# [What is needed]
Where in the material does the word "lemma" appear? Copy each line that has it.

# [Record extracts]

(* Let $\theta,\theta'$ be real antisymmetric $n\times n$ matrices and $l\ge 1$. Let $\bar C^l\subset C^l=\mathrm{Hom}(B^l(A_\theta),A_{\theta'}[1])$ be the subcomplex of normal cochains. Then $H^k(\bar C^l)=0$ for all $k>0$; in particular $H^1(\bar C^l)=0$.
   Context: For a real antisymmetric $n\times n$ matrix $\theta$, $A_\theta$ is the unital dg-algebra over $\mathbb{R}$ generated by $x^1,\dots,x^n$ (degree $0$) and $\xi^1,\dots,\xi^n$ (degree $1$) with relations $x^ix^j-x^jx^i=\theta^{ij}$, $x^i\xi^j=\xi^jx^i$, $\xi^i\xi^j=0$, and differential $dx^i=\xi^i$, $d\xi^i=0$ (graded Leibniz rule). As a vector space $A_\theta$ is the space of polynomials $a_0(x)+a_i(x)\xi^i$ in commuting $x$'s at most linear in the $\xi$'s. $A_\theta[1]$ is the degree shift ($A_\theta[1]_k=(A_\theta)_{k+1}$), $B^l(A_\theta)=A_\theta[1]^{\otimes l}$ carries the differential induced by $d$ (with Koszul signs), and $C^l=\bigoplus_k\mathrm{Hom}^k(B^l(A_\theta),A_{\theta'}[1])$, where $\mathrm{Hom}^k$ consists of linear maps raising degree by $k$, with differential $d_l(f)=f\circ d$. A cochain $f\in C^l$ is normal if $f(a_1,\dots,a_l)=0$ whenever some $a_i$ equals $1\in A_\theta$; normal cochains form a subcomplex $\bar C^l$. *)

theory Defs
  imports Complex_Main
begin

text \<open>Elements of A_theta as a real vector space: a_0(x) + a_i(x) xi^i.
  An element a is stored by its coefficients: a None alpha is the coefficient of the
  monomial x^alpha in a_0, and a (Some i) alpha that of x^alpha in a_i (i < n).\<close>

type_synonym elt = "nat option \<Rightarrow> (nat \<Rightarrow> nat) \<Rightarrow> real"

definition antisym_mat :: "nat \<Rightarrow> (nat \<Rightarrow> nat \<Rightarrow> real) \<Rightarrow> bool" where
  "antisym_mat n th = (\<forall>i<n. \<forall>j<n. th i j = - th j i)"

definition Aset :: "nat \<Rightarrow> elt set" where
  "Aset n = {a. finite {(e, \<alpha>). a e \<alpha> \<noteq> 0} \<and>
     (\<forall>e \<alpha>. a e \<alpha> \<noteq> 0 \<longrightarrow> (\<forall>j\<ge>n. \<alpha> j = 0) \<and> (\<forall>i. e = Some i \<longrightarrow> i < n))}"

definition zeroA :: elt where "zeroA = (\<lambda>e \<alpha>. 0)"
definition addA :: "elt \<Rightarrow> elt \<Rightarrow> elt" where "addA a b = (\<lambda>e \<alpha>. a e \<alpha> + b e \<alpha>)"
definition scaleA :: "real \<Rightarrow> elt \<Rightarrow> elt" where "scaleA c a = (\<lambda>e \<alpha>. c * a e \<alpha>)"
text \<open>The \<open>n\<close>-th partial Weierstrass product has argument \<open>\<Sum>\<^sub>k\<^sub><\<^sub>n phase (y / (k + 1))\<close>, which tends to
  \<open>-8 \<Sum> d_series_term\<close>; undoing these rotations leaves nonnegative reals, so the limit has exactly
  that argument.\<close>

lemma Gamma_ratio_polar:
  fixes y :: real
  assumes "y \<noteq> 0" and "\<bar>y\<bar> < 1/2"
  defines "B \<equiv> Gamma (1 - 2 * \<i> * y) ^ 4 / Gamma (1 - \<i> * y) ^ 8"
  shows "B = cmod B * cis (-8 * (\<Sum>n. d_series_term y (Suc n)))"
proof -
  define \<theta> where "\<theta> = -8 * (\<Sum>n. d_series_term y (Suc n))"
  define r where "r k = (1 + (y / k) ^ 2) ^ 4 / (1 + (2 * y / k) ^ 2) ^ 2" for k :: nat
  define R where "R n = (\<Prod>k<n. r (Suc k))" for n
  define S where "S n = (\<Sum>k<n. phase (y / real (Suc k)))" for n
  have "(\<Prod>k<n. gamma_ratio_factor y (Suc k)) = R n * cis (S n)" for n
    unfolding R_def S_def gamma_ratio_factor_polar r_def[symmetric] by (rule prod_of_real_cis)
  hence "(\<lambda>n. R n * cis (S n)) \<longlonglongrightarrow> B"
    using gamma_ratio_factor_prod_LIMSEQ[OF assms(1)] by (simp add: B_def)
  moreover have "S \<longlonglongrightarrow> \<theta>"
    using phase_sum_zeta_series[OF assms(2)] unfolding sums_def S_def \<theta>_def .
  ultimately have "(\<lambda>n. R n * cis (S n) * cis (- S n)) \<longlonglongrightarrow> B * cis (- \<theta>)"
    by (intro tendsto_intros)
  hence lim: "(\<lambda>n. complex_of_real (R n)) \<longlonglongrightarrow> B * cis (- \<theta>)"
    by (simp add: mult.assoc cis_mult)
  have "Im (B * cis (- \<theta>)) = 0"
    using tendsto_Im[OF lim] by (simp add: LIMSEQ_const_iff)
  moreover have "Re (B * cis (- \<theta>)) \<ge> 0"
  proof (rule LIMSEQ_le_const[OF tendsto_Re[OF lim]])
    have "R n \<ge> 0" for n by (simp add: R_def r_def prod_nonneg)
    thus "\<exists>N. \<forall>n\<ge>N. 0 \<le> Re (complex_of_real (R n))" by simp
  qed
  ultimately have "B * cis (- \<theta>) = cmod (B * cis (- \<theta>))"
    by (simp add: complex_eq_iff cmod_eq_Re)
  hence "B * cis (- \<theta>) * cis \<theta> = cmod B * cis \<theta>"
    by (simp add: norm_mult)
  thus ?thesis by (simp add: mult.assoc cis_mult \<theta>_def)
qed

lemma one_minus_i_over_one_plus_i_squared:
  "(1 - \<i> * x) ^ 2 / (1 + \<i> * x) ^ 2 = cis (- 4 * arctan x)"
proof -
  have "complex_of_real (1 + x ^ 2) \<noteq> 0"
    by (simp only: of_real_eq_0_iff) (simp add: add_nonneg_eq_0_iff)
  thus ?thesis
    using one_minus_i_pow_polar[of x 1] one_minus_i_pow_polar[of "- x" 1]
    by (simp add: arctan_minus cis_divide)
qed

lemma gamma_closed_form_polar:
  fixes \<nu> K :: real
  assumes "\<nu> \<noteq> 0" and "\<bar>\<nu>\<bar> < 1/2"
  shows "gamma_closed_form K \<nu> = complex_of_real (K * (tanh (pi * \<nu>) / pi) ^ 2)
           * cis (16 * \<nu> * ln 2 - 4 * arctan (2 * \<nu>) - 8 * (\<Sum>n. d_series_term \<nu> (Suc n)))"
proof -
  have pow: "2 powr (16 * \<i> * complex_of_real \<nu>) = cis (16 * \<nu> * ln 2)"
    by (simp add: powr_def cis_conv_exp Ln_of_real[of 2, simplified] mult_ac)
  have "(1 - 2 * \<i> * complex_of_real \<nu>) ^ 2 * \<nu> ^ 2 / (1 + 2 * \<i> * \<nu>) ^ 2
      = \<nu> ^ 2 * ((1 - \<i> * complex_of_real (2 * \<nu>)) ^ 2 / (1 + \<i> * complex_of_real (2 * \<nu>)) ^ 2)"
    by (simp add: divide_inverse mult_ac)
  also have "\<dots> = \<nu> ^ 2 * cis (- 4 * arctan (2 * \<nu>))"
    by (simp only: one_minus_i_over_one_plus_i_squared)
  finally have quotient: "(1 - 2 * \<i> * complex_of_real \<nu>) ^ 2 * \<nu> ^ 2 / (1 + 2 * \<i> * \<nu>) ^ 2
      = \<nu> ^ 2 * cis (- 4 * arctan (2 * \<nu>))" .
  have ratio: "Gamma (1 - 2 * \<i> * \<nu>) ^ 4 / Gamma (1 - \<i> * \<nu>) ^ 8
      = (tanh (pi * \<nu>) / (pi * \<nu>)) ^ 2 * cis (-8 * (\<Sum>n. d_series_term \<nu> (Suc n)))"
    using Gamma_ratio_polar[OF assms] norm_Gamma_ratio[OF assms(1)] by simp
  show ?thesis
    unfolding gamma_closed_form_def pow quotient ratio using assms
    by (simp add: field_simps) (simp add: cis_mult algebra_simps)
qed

# [Task answer]
lemma Gamma_ratio_polar:
lemma one_minus_i_over_one_plus_i_squared:
lemma gamma_closed_form_polar:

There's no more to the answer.